Collected data
+===+

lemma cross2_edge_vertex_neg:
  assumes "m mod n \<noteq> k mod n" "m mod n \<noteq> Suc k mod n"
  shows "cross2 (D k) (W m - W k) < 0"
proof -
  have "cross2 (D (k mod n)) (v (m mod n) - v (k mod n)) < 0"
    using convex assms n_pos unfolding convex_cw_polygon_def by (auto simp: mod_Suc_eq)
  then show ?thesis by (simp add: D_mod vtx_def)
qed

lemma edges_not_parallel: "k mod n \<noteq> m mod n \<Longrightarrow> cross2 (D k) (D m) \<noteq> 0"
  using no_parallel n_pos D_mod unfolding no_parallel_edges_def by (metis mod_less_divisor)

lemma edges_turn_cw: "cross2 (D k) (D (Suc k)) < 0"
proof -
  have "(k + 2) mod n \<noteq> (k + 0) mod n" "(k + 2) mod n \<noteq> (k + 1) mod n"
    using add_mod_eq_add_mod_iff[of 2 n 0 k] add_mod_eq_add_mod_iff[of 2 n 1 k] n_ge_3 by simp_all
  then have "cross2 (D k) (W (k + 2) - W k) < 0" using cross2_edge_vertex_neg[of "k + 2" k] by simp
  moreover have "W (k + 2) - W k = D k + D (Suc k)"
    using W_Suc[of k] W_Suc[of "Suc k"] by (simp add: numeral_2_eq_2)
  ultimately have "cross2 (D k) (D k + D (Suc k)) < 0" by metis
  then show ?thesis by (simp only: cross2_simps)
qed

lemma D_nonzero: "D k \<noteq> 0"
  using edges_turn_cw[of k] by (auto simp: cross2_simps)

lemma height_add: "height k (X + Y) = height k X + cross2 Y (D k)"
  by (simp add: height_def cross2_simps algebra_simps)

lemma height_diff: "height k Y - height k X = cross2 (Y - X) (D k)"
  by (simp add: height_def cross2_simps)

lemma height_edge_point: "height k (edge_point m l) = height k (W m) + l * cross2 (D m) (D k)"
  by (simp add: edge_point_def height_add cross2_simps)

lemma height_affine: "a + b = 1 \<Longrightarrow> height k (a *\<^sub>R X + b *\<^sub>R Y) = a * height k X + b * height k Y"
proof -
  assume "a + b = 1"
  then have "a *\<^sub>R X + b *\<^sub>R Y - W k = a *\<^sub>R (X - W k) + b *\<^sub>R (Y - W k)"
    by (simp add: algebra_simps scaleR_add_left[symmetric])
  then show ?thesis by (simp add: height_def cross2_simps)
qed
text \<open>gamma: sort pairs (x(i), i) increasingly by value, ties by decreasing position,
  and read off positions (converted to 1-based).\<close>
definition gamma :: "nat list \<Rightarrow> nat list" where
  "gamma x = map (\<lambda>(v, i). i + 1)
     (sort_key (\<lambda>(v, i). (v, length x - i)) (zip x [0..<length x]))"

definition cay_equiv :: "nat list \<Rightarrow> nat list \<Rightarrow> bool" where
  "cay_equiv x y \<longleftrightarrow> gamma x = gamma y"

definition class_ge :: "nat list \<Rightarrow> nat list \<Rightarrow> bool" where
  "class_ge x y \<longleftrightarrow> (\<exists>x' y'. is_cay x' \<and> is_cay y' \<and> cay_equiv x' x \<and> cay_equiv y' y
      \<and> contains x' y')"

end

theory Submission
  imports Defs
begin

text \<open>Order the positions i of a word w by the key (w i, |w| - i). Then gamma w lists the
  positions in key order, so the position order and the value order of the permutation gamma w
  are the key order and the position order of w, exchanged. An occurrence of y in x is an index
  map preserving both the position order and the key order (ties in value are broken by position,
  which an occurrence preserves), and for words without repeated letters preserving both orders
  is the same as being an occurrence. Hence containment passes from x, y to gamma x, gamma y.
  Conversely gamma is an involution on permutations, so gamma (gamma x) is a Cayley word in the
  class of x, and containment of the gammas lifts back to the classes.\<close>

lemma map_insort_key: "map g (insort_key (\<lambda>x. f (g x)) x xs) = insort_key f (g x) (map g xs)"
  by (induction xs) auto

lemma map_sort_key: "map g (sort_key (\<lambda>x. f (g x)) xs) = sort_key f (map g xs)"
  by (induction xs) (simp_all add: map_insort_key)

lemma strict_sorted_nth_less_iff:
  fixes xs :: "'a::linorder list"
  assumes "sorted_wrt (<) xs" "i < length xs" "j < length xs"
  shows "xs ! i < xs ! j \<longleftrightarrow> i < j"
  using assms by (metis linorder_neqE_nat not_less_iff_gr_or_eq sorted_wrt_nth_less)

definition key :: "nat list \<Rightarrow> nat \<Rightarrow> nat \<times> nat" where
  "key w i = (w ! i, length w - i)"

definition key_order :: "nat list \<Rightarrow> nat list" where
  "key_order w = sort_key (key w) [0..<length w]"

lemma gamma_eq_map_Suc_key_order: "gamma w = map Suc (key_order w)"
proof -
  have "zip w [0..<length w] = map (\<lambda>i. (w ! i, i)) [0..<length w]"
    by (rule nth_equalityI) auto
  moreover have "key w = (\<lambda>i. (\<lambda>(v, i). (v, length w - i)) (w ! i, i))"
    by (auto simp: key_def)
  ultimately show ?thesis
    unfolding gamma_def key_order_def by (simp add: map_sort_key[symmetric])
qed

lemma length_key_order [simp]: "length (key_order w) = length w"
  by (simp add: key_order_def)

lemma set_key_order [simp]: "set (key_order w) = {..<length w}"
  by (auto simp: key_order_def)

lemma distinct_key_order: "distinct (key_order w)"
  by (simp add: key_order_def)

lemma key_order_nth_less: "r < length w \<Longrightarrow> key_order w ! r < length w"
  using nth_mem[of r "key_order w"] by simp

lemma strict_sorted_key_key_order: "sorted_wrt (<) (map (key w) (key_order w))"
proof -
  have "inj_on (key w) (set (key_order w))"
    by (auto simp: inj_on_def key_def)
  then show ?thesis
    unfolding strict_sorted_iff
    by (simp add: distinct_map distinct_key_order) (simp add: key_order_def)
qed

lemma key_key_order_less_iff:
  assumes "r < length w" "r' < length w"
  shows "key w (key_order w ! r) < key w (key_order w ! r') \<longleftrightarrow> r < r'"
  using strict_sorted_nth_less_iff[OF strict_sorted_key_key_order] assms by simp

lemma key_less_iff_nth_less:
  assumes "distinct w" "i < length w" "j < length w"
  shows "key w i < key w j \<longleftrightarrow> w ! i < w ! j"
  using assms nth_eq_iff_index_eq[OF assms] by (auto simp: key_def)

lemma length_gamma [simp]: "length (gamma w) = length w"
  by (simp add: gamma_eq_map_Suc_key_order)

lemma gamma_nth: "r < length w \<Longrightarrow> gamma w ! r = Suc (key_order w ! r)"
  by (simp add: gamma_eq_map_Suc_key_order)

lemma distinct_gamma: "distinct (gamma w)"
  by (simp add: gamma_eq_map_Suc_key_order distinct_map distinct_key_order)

+===+

**EXERCISE**
If a line of the entries above holds the word "bool", count it; report only how many such lines there are.

**FINAL ANSWER**
2